Therefore, the `duplicate_identifiers` class invariants assert that size is always positive.
Subcontracting automatically checks the `unique_identifiers` base class invariants in __logic_and__ with the `duplicate_identifiers` derived class invariants thus class invariants can only be strengthened by derived classes (this is necessary because the derived class can be used whenever the base class is used therefore the derived class must satisfy the base class invariants at all times, see also the __substitution_principle__ and the __Contract_Programming_Overview__ section).
# Subcontracting automatically checks the `unique_identifiers::add` overridden preconditions in __logic_or__ with the `duplicate_identifiers::add` overriding preconditions thus preconditions can only be weakened by overriding member functions (this is necessary because the overriding member function can be called under the conditions for which the overridden function is called, see also the __substitution_principle__ and the __Member_Function_Calls__ section).
Indeed, in this example the `unique_identifiers::add` preconditions fail (because `123` is already in the collection) but the `derived_identifiers::add` preconditions pass so the __logic_or__ of the two sets of preconditions passes and the call `ids.add(123)` is a valid call.
# Subcontracting automatically checks the `unique_identifiers::add` overridden postconditions in __logic_and__ with the `duplicate_identifiers::add` overriding postconditions thus postconditions can only be strengthen by overriding member functions (this is necessary because the overriding function can be called in any context in which the overridden function is called, see also the __substitution_principle__ and the __Member_Function_Calls__ section).
Indeed, in this example the `unique_identifiers::add` postconditions pass because the identifier `123` was already added (`old_found` is `true`) and `unique_identifiers::add` select assertions trivially return `true`.
The `duplicate_identifiers::add` postconditions are then checked in __logic_and__ and they correctly assert that the collection size did not change given that `123` was already added.
Therefore, the call `ids.add(123)` is valid but adds no identifier.

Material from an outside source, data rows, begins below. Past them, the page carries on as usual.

text \<open>Write \<open>D = s 2^(k-1) - (\<Sum>e\<in>E. 2^e)\<close> with \<open>E \<subseteq> {2..k-2}\<close>, which is possible because
  \<open>4 dvd D\<close>. Following Belov, the code consists of \<open>s\<close> copies of the simplex code of dimension \<open>k\<close>
  with an anticode removed, namely the union of subspaces \<open>U\<^sub>e\<close> of dimension \<open>e + 1\<close>, \<open>e \<in> E\<close>.
  Realising \<open>GF(2)^k\<close> as the polynomials of degree \<open>< k\<close>, \<open>U\<^sub>e\<close> consists of the multiples of an
  irreducible polynomial \<open>g\<^sub>e\<close> of degree \<open>k - 1 - e\<close>. The bound on \<open>m\<close> makes the product of
  any \<open>s + 1\<close> of the \<open>g\<^sub>e\<close> have degree at least \<open>k\<close>, so no nonzero vector lies in more than \<open>s\<close> of
  the \<open>U\<^sub>e\<close>. A nonzero message \<open>x\<close> then has weight \<open>s 2^(k-1)\<close> minus the sum of \<open>2^e\<close> over the
  \<open>U\<^sub>e\<close> not orthogonal to \<open>x\<close>: the minimum distance is \<open>D\<close>, attained by a message orthogonal
  to no \<open>U\<^sub>e\<close>, and the length is the Griesmer bound. As \<open>e \<ge> 2\<close> and \<open>k \<ge> 3\<close>, all weights are
  divisible by \<open>4\<close>, which makes the code self-orthogonal.\<close>

section \<open>Irreducible polynomials over prime fields\<close>

lemma prod_primes_dvd:
  fixes x :: "'a::factorial_semiring_gcd"
  assumes "finite A" "\<And>p. p \<in> A \<Longrightarrow> prime p" "\<And>p. p \<in> A \<Longrightarrow> p dvd x"
  shows "\<Prod>A dvd x"
  using assms
proof (induction A rule: finite_induct)
  case (insert a A)
  have a: "prime a" "a dvd x"
    by (auto intro: insert.prems)
  have IH: "\<Prod>A dvd x"
    by (rule insert.IH) (auto intro: insert.prems)
  have "\<not> a dvd \<Prod>A"
  proof
    assume "a dvd \<Prod>A"
    then obtain b where b: "b \<in> A" "a dvd b"
      using prime_dvd_prod_iff[OF insert.hyps(1) a(1), where f = "\<lambda>x. x"] by blast
    have "prime b"
      using b(1) by (auto intro: insert.prems)
    then have "a = b"
      using primes_dvd_imp_eq[OF a(1) _ b(2)] by blast
    with b(1) insert.hyps(2) show False by simp
  qed
  then have "a * \<Prod>A dvd x"
    using divides_mult[OF a(2) IH] prime_imp_coprime[OF a(1)] by blast
  then show ?case
    by (simp only: prod.insert[OF insert.hyps])
qed simp

lemma sum_degree_primes_dvd_le:
  fixes x :: "'a::field_gcd poly"
  assumes "finite A" "\<And>p. p \<in> A \<Longrightarrow> prime p" "\<And>p. p \<in> A \<Longrightarrow> p dvd x" "x \<noteq> 0"
  shows "(\<Sum>p\<in>A. degree p) \<le> degree x"
proof -
  have "(\<Sum>p\<in>A. degree p) = degree (\<Prod>A)"
    using assms(2) by (subst degree_prod_eq_sum_degree) auto
  also have "\<dots> \<le> degree x"
    using prod_primes_dvd[OF assms(1-3)] assms(4) by (rule dvd_imp_degree_le)
  finally show ?thesis .
qed

lemma sum_power_less_power:
  fixes c :: nat
  assumes "c \<ge> 2"
  shows "(\<Sum>d<n. c ^ d) < c ^ n"
proof (induction n)
  case (Suc n)
  then have "(\<Sum>d<Suc n. c ^ d) < 2 * c ^ n" by simp
  also have "\<dots> \<le> c ^ Suc n" using assms by simp
  finally show ?case .
qed simp

definition x_pow_minus_x :: "nat \<Rightarrow> 'a::prime_card mod_ring poly" where
  "x_pow_minus_x n = monom 1 1 ^ (CARD('a) ^ n) - monom 1 1"

lemma two_le_card_prime_card: "2 \<le> CARD('a::prime_card)"
  using prime_card prime_ge_2_nat by blast

lemma degree_x_pow_minus_x:
  assumes "n \<ge> 1"
  shows "degree (x_pow_minus_x n :: 'a::prime_card mod_ring poly) = CARD('a) ^ n"
proof -
  have "2 \<le> CARD('a) ^ n"
    using two_le_card_prime_card[where 'a='a] power_increasing[OF assms, of "CARD('a)"] by simp
  then show ?thesis
    unfolding x_pow_minus_x_def
    by (subst degree_minus_eq_right) (auto simp: degree_power_eq degree_monom_eq)
qed

lemma x_pow_minus_x_nonzero:
  assumes "n \<ge> 1"
  shows "x_pow_minus_x n \<noteq> 0"
proof -
  have "degree (x_pow_minus_x n :: 'a::prime_card mod_ring poly) \<noteq> 0"
    using degree_x_pow_minus_x[OF assms, where 'a='a] two_le_card_prime_card[where 'a='a] by simp
  then show ?thesis by auto
qed

lemma pderiv_x_pow_minus_x: "n \<ge> 1 \<Longrightarrow> pderiv (x_pow_minus_x n) = -1"
  by (simp add: x_pow_minus_x_def pderiv_power pderiv_diff pderiv_monom of_nat_power
      of_nat_card_eq_0 power_0_left)

lemma multiplicity_x_pow_minus_x_le_1:
  assumes "n \<ge> 1" "prime p"
  shows "multiplicity p (x_pow_minus_x n) \<le> 1"
proof (rule ccontr)
  assume "\<not> ?thesis"
  have "\<not> is_unit p"
    using assms(2) not_prime_unit by blast
  with \<open>\<not> ?thesis\<close> have "p ^ 2 dvd x_pow_minus_x n"
    using x_pow_minus_x_nonzero[OF assms(1)] by (subst power_dvd_iff_le_multiplicity) auto
  then have "p * p dvd x_pow_minus_x n"
    by (simp add: power2_eq_square)
  moreover have "degree p > 0"
    using assms(2) by (intro irreducible_degree_field prime_elem_imp_irreducible) auto
  moreover have "square_free (x_pow_minus_x n)"
    using assms(1) by (intro separable_imp_square_free) (simp add: separable_def pderiv_x_pow_minus_x)
  ultimately show False
    unfolding square_free_def by blast
qed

Finally, note that within the body of overriding functions it is necessary to use the [macroref CONTRACT_MEMBER_BODY] macro to call the overridden function as in `unique_identifiers::CONTRACT_MEMBER_BODY(add)(id)`.

[warning
Unfortunately, invoking the overridden function from within the overriding function body without using [macroref CONTRACT_MEMBER_BODY] results in infinite recursion.
[footnote
*Rationale*.
In this case, the library implementation will recursively check contracts of the overriding function forever (in all other cases, this library is able to avoid infinite recursions due to contract checking).
]
This limitation might be removed in future revisions of this library (see also [@https://sourceforge.net/apps/trac/contractpp/ticket/46 Ticket 46]).
]

[endsect]

[section Class Templates]

Let's program a class template `vector` similar to the class `ivector` we have seen before but that works on a generic value type `T` and not just on `int` (see also [file example/contracts class_template_vector.cpp] and [file example/contracts pushable.hpp]):

[import ../example/contracts/class_template_vector.cpp]
[class_template_vector]

(The specifications of the code in this example are not fully programmed, in particular concepts, see the __Concepts__ section, and assertion requirements, see the __Advanced_Topics__ section, have been omitted for simplicity.)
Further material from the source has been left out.